História da PJMP
A
PJMP “é a experiência da Igreja de rosto popular e jovem. É a reconstrução do rosto
de Cristo entre os jovens mais sofridos... A PJMP é solidária na dor, firme na
esperança, alegre em suas pequenas mas progressivas
conquistas.”
Dom Sinésio Bohn (in:
PJMP: Semente do Novo na Luta do Povo)
A PJMP nasceu em 1978 no Recife (PE), carregando
na história do seu surgimento as sementes jogadas pela Juventude Operária
Católica destruída pela ditadura com o golpe militar de 1964. Um acontecimento
marcante do seu nascimento foi o encontro realizado em 09 de julho de 1978,
reunindo animadores dos grupos de jovens do meio popular do Recife,
remanescentes da JOC, no qual decidiram criar um movimento de jovens do meio
popular.
Vale lembrar que os desejos, sonhos e formas de
atuação na realidade vivida dos jovens reunidos neste encontro não é algo
isolado. O final dos anos 70 e os anos 80 no Brasil foi um período marcado por
grandes movimentos de massa e pelo ressurgimento da sociedade civil, sobretudo
das camadas populares, no cenário político nacional.
Em nível eclesial, este é também o período em
que a Igreja Católica assumiu a defesa dos direitos humanos e tornou-se uma voz
profética contra a ditadura e o sistema capitalista. Um acontecimento marcante
em torno disso foi a realização da Conferência do
Episcopado Latino Americano em Puebla, em janeiro de 1979, da qual resulta um
documento orientador desse posicionamento da Igreja Católica latino-americana.
E, no que diz respeito à juventude, não podemos esquecer que foi em Puebla que
Dom Hélder Câmara apresentou a proposição, aprovada nesta conferência, de uma
pastoral de juventude por meio social. Além dessa proposição de Dom Hélder,
Puebla recomenda ainda que a Pastoral da Juventude atenda o aprofundamento e
crescimento dos jovens na fé; possua uma metodologia transformadora e oriente a
opção vocacional (Puebla 1187).
Assim, o contexto inspirador para o nascimento
da PJMP foi, por um lado, a realidade concreta dos jovens e o ressurgimento das
lutas sociais e políticas que acontecia no Brasil, e, por outro, o contexto
eclesial da Igreja Latino-Americana e do Regional NE II, que sob a orientação e
o pastoreio de Dom Hélder Câmara, construía um modelo de organização pastoral
no qual o pobre era sujeito histórico de libertação.

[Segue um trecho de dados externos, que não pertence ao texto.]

section \<open>Choice of parameters\<close>

lemma exists_nat_power_le_exp:
  fixes \<epsilon> s :: real
  assumes "0 < \<epsilon>" "0 \<le> s"
  shows "\<exists>J::nat. (1 + \<epsilon>) ^ J \<le> exp s \<and> s - \<epsilon> \<le> real J * \<epsilon>"
proof -
  define J where "J = nat \<lfloor>s / ln (1 + \<epsilon>)\<rfloor>"
  have "0 < ln (1 + \<epsilon>)" "ln (1 + \<epsilon>) \<le> \<epsilon>"
    using \<open>0 < \<epsilon>\<close> by (simp_all add: ln_add_one_self_le_self)
  then have J: "real J \<le> s / ln (1 + \<epsilon>)" "s / ln (1 + \<epsilon>) - 1 \<le> real J"
    using \<open>0 \<le> s\<close> by (simp_all add: J_def)
  have "(1 + \<epsilon>) ^ J = exp (real J * ln (1 + \<epsilon>))"
    using \<open>0 < \<epsilon>\<close> by (simp add: exp_of_nat_mult)
  also have "\<dots> \<le> exp s"
    using J(1) \<open>0 < ln (1 + \<epsilon>)\<close> by (simp add: pos_le_divide_eq)
  finally have "(1 + \<epsilon>) ^ J \<le> exp s" .
  moreover have "s - \<epsilon> \<le> real J * \<epsilon>"
  proof -
    have "s * ln (1 + \<epsilon>) \<le> s * \<epsilon>"
      using \<open>ln (1 + \<epsilon>) \<le> \<epsilon>\<close> \<open>0 \<le> s\<close> by (rule mult_left_mono)
    then have "s - \<epsilon> \<le> (s / ln (1 + \<epsilon>) - 1) * \<epsilon>"
      using \<open>0 < ln (1 + \<epsilon>)\<close> by (simp add: field_simps)
    also have "\<dots> \<le> real J * \<epsilon>"
      using \<open>0 < \<epsilon>\<close> by (intro mult_right_mono [OF J(2)]) simp
    finally show ?thesis .
  qed
  ultimately show ?thesis
    by blast
qed

lemma exists_interval_with_large_kernel_mass_if_nonkernel_small:
  fixes q :: nat and \<psi> :: "nat \<Rightarrow> complex" and ca cb \<mu> :: real
  defines "lg \<equiv> ln (real q)"
  defines "\<epsilon> \<equiv> lg powr (cb - 1)" and "Y \<equiv> lg powr (1 - ca)"
  assumes "1 < lg" "0 < ca" "0 < \<mu>" "\<mu> \<le> 1 / 8" "\<epsilon> \<le> \<mu>" "8 / Y \<le> \<mu> * \<epsilon>"
    and small: "(\<Sum>p | prime p \<and> p \<le> q \<and> \<psi> p \<noteq> 1. 1 / real p) < (ca * ln lg - 1) * (1 - 3 * \<mu>)"
  shows "\<exists>a b. 0 < a \<and> 0 < b \<and> ln a = ln b / (1 + \<epsilon>) \<and> Y \<le> ln a \<and> ln b \<le> lg \<and>
    \<mu> * \<epsilon> \<le> (\<Sum>p | prime p \<and> a < real p \<and> real p \<le> b \<and> \<psi> p = 1. 1 / real p)"
proof -
  have "0 < \<epsilon>" "0 < Y" "0 < ln lg"
    using \<open>1 < lg\<close> by (simp_all add: \<epsilon>_def Y_def)
  then obtain J :: nat where J: "(1 + \<epsilon>) ^ J \<le> exp (ca * ln lg)" "ca * ln lg - \<epsilon> \<le> real J * \<epsilon>"
    using exists_nat_power_le_exp [of \<epsilon> "ca * ln lg"] \<open>0 < ca\<close> by auto
  have "Y * (1 + \<epsilon>) ^ J \<le> Y * exp (ca * ln lg)"
    using J(1) \<open>0 < Y\<close> by simp
  also have "\<dots> = ln (real q)"
    using \<open>1 < lg\<close> by (simp add: lg_def Y_def powr_def left_diff_distrib exp_diff)
  finally have "Y * (1 + \<epsilon>) ^ J \<le> ln (real q)" .
  moreover have "(\<Sum>p | prime p \<and> p \<le> q \<and> \<psi> p \<noteq> 1. 1 / real p)
      < real J * (\<epsilon> / (1 + \<epsilon>) - 8 / Y - \<mu> * \<epsilon>)"
  proof -
    have "0 \<le> \<mu> * \<epsilon>"
      using \<open>0 < \<mu>\<close> \<open>0 < \<epsilon>\<close> by simp
    then have "(1 - \<mu>) * (1 + \<epsilon>) \<le> 1"
      using \<open>\<epsilon> \<le> \<mu>\<close> by (simp add: algebra_simps)
    then have "\<epsilon> * (1 - \<mu>) * (1 + \<epsilon>) \<le> \<epsilon>"
      using \<open>0 < \<epsilon>\<close> mult_left_le [of "(1 - \<mu>) * (1 + \<epsilon>)" \<epsilon>] by (simp add: mult.assoc)
    then have "\<epsilon> * (1 - \<mu>) \<le> \<epsilon> / (1 + \<epsilon>)"
      using \<open>0 < \<epsilon>\<close> by (simp add: pos_le_divide_eq)
    then have "\<epsilon> * (1 - 3 * \<mu>) \<le> \<epsilon> / (1 + \<epsilon>) - 8 / Y - \<mu> * \<epsilon>"
      using \<open>8 / Y \<le> \<mu> * \<epsilon>\<close> by (simp add: algebra_simps)
    then have "real J * (\<epsilon> * (1 - 3 * \<mu>)) \<le> real J * (\<epsilon> / (1 + \<epsilon>) - 8 / Y - \<mu> * \<epsilon>)"
      by (rule mult_left_mono) simp
    moreover have "(ca * ln lg - 1) * (1 - 3 * \<mu>) \<le> real J * \<epsilon> * (1 - 3 * \<mu>)"
      using J(2) \<open>\<epsilon> \<le> \<mu>\<close> \<open>\<mu> \<le> 1 / 8\<close> by (intro mult_right_mono) auto
    ultimately show ?thesis
      using small by (simp add: mult.assoc)
  qed
  ultimately show ?thesis
    unfolding lg_def by (rule exists_interval_with_large_kernel_mass [OF \<open>0 < \<epsilon>\<close> \<open>0 < Y\<close>])
qed

lemma exists_nat_mult_between:
  fixes Y \<beta> L :: real
  assumes "0 < Y" "Y \<le> \<beta>" "\<beta> \<le> L"
  shows "\<exists>k::nat. 1 \<le> k \<and> real k \<le> L / Y + 1 \<and> L \<le> real k * \<beta> \<and> real k * \<beta> \<le> 2 * L"
proof -
  define k where "k = nat \<lceil>L / \<beta>\<rceil>"
  have "1 \<le> L / \<beta>" "L / \<beta> \<le> L / Y"
    using assms by (simp_all add: divide_left_mono)
  then have k: "L / \<beta> \<le> real k" "real k \<le> L / \<beta> + 1"
    by (simp_all add: k_def)
  then have "L \<le> real k * \<beta>" "real k * \<beta> \<le> 2 * L"
    using assms by (simp_all add: field_simps)
  moreover have "1 \<le> k" "real k \<le> L / Y + 1"
    using k \<open>1 \<le> L / \<beta>\<close> \<open>L / \<beta> \<le> L / Y\<close> by linarith+
  ultimately show ?thesis
    by blast
qed

lemma ln_order_bound_terms_le:
  fixes k K \<epsilon> x y L m :: real
  assumes "1 \<le> k" "k \<le> K" "0 \<le> \<epsilon>" "0 \<le> x" "y = x + \<epsilon> * x" "k * y \<le> 2 * L" "0 < m" "m \<le> 1"
  shows "k * (y - x) + k * ln k - k * ln m \<le> 2 * (\<epsilon> * L) + K * (ln K - ln m)"
proof -
  have "k * (y - x) = \<epsilon> * (k * x)"
    using assms(5) by (simp add: algebra_simps)
  also have "\<dots> \<le> \<epsilon> * (2 * L)"
  proof (rule mult_left_mono)
    have "k * x \<le> k * y"
      using assms by (intro mult_left_mono) auto
    then show "k * x \<le> 2 * L"
      using assms(6) by linarith
  qed (rule assms(3))
  finally have "k * (y - x) \<le> 2 * (\<epsilon> * L)"
    by simp
  moreover have "k * ln k \<le> K * ln K"
    using assms(1,2) by (intro mult_mono ln_mono) auto
  moreover have "- (k * ln m) \<le> - (K * ln m)"
    using assms by (simp add: mult_right_mono_neg)
  ultimately show ?thesis
    by (simp add: algebra_simps)
qed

A PJMP nasceu bebendo no
seio desta Igreja e assumiu a visão de que a transformação da realidade é obra
dos oprimidos e de todas as pessoas de boa vontade que se comprometem com as
lutas de libertação.
Ela compreendeu, desde o seu nascimento, que uma
pastoral de jovens não pode tratá-lo genericamente. Neste sentido, nasceu e se
consolidou sendo um espaço onde os jovens empobrecidos tomam consciência da sua
realidade e nela atuam para transformá-la.
Estas idéias, que são o fundamento da proposta
de pastoral da juventude da PJMP, têm sido ao longo da sua história uma ousadia
e um atrevimento evangélico, à medida que traz para dentro da Igreja uma
discussão que, se hoje já não assusta e até pode ser tratada sem tabu, na
década de 70 era inconcebível: uma pastoral por classe social. Por isso, sua
relação com alguns setores da comunidade eclesial, às vezes, foi marcada pelo
conflito.
O objetivo dos que ousaram fazer nascer a PJMP,
era, naquele momento, suscitar entre os jovens do meio popular, uma vivência da
fé a partir da sua condição social e de classe. Que a juventude empobrecida se
evangelize! que os jovens do meio popular se tornem sujeitos de sua própria
libertação! É o grito da PJMP no seu nascimento e tem sido o seu maior desafio
(Ver: PJMP. Do meio popular, um canto
jovem. s/d, mimeog. p. 48). A semente lançada no
Recife, logo se espalhou por todo o nordeste e para o país, em 1979 acontecia o
primeiro encontro nacional.
Este objetivo vem sendo aprofundado, rediscutido
ao longo da nossa caminhada, a fim de que nossa ação pastoral possa acompanhar
a dinâmica da realidade em que vivemos e atuamos, em todas as suas dimensões.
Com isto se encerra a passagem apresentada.